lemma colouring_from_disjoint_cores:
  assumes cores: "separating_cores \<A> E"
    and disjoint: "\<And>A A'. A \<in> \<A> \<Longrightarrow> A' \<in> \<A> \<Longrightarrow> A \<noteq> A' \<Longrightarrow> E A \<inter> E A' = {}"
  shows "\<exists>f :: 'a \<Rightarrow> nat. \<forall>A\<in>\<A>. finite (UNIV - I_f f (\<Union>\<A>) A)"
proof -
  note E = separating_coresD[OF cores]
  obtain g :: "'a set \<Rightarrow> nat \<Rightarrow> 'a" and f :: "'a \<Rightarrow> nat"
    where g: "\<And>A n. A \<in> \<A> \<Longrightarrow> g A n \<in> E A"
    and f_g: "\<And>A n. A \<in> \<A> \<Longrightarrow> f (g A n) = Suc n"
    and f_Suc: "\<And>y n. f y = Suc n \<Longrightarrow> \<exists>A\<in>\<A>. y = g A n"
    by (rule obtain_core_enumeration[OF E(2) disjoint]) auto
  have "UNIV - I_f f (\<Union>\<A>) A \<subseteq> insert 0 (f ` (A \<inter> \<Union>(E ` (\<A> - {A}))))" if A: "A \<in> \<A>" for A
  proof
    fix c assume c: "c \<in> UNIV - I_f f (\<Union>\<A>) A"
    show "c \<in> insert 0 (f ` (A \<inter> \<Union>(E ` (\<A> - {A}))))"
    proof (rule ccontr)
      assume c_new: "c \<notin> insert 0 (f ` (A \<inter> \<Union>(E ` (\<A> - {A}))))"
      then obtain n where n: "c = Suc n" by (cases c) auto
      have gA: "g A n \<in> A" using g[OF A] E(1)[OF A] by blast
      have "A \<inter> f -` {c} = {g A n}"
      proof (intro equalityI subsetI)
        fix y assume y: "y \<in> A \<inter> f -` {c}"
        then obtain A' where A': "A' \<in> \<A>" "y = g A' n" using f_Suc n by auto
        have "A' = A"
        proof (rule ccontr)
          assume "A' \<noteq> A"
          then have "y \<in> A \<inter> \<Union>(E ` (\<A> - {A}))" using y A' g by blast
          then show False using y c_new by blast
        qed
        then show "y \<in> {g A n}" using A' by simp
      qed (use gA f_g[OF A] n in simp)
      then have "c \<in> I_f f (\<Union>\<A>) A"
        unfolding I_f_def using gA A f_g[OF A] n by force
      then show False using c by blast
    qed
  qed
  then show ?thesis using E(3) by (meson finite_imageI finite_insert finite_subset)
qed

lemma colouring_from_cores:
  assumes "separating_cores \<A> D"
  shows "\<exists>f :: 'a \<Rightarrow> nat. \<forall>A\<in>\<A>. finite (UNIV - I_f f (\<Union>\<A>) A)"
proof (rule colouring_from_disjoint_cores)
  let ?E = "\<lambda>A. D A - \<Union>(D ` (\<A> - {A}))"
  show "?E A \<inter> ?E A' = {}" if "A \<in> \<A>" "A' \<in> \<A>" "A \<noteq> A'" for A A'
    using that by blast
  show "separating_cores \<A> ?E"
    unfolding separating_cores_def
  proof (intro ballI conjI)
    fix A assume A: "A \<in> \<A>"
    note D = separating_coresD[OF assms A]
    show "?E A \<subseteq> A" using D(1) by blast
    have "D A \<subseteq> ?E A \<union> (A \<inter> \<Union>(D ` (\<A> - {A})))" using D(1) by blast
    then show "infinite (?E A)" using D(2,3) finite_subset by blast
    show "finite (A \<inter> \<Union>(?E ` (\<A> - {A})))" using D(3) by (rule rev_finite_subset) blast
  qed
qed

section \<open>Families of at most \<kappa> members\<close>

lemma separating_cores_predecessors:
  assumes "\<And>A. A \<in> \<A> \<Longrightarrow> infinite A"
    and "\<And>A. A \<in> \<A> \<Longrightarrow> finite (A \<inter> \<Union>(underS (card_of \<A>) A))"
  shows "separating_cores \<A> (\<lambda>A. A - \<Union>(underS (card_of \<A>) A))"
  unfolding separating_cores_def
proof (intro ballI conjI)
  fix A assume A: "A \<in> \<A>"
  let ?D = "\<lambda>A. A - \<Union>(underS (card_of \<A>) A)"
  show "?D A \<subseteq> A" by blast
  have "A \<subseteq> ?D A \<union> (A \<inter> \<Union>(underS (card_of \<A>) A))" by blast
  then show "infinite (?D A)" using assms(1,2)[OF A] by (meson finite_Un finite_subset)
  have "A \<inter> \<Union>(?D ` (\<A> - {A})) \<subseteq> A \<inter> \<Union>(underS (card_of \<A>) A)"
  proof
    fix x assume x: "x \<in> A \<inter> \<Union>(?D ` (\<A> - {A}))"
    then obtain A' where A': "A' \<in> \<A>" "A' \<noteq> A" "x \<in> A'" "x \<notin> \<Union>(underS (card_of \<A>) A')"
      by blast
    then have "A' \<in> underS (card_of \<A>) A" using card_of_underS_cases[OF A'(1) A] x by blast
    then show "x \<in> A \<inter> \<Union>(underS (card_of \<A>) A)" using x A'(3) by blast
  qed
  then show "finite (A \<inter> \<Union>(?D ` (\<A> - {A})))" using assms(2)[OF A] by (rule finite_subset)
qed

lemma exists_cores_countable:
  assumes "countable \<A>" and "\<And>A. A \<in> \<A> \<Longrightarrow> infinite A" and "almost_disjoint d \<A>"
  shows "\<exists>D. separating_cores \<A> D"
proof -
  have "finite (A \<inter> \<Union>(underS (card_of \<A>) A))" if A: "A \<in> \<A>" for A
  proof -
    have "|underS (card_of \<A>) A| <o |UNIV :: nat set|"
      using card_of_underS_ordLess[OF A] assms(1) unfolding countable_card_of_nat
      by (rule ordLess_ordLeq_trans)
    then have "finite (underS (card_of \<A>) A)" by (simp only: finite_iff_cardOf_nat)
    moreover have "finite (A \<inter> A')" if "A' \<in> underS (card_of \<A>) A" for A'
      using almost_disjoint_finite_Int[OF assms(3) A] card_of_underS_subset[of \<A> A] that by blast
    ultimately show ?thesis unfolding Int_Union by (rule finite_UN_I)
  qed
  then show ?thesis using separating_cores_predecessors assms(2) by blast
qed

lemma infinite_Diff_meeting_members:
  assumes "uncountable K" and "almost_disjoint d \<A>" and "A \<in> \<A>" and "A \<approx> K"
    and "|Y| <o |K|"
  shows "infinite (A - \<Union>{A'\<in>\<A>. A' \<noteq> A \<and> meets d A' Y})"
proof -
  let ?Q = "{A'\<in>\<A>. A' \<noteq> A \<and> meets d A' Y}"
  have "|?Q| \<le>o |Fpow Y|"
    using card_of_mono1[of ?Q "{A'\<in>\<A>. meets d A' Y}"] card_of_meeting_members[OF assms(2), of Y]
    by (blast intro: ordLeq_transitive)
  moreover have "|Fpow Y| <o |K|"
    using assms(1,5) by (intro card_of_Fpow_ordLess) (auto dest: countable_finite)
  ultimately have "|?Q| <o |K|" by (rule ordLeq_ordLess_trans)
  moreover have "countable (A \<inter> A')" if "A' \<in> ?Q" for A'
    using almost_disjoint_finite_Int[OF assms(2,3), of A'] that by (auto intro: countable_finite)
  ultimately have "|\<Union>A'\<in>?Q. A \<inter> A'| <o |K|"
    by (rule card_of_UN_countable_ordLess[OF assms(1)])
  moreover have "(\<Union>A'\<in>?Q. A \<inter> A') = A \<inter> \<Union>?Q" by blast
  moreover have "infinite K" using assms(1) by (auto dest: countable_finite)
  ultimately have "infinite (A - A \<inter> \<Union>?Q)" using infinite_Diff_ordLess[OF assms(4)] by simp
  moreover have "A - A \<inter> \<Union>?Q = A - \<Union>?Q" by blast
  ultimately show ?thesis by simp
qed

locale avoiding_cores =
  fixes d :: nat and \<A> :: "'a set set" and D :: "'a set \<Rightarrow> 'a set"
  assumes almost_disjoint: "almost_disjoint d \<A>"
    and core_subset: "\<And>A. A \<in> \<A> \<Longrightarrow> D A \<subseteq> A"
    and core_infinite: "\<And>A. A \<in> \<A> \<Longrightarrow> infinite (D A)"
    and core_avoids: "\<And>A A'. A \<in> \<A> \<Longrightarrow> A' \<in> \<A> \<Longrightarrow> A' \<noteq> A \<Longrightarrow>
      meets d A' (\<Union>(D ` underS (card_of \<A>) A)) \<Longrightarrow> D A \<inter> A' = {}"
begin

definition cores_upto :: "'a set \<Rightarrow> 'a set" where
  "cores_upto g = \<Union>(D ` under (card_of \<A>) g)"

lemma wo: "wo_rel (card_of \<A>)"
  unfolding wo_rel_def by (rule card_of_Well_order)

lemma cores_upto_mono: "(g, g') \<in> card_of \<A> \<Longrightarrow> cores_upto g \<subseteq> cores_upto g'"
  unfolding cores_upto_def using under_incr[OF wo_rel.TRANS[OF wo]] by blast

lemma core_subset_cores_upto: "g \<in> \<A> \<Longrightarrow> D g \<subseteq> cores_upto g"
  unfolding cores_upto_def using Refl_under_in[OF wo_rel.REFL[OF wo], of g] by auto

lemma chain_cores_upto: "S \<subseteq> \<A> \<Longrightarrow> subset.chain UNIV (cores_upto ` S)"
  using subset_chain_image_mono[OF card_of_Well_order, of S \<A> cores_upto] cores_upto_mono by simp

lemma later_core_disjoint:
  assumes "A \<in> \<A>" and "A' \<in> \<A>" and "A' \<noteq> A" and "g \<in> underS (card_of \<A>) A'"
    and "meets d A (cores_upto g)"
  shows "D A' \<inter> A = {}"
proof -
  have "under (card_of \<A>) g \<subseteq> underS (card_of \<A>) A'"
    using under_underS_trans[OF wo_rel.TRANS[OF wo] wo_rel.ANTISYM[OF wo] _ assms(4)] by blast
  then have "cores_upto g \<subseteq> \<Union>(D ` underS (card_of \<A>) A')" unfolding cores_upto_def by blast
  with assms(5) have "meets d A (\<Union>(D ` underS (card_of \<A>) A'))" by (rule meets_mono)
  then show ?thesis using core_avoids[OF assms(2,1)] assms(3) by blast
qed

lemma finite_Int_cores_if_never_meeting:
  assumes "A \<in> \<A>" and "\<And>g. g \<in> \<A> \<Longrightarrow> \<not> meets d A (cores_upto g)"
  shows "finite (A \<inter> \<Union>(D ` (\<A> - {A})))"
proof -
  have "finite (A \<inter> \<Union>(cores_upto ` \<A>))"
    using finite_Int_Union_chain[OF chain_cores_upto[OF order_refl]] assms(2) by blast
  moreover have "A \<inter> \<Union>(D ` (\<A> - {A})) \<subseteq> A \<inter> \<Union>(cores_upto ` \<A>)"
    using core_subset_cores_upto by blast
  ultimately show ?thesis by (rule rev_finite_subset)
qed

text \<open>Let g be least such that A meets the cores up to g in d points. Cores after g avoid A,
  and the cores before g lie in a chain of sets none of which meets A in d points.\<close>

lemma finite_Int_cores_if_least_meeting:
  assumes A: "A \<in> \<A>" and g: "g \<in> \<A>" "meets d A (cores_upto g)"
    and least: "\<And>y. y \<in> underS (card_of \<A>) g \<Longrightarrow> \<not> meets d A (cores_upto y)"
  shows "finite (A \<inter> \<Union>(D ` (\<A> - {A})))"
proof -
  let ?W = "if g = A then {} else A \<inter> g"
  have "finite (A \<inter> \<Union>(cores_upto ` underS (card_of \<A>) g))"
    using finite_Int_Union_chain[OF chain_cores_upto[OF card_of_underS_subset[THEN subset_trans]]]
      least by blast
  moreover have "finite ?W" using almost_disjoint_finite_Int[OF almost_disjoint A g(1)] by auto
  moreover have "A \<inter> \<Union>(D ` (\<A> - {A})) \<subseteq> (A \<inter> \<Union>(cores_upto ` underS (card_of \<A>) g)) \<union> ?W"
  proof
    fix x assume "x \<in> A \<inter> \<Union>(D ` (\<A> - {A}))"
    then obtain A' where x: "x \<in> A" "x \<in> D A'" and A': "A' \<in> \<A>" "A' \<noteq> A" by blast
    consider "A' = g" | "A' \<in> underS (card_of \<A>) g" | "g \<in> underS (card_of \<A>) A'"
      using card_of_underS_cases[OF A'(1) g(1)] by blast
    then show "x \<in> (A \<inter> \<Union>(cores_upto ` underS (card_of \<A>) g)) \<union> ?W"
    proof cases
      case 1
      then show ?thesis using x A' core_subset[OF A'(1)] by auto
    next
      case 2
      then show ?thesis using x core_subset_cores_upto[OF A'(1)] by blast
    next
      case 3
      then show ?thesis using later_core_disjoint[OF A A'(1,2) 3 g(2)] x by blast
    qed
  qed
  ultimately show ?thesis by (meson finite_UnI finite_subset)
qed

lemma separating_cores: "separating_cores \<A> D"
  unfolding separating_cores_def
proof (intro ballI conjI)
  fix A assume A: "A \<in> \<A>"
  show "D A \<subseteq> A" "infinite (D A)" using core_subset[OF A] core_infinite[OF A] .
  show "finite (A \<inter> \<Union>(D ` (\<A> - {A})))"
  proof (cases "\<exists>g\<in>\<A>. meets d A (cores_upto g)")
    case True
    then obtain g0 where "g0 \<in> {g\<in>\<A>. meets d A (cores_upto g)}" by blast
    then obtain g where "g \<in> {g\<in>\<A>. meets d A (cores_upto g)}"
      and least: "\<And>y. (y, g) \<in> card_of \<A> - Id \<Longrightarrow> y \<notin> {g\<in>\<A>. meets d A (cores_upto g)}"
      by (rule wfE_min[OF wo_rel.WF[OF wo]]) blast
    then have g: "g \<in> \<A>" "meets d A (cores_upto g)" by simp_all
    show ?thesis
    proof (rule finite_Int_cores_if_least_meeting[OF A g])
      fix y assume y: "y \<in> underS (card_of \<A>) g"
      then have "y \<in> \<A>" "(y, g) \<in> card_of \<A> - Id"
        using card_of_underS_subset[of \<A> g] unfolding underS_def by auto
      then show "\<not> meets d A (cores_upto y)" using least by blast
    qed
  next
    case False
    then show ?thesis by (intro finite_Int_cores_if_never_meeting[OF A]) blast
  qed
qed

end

### TASK REQUIREMENTS
Could you please find every line of the listing above holding the string "intro" and copy it?

### SOLUTION TO THE EXERCISE
      proof (intro equalityI subsetI)
  proof (intro ballI conjI)
proof (intro ballI conjI)
    by (blast intro: ordLeq_transitive)
    using assms(1,5) by (intro card_of_Fpow_ordLess) (auto dest: countable_finite)
    using almost_disjoint_finite_Int[OF assms(2,3), of A'] that by (auto intro: countable_finite)
proof (intro ballI conjI)
    then show ?thesis by (intro finite_Int_cores_if_never_meeting[OF A]) blast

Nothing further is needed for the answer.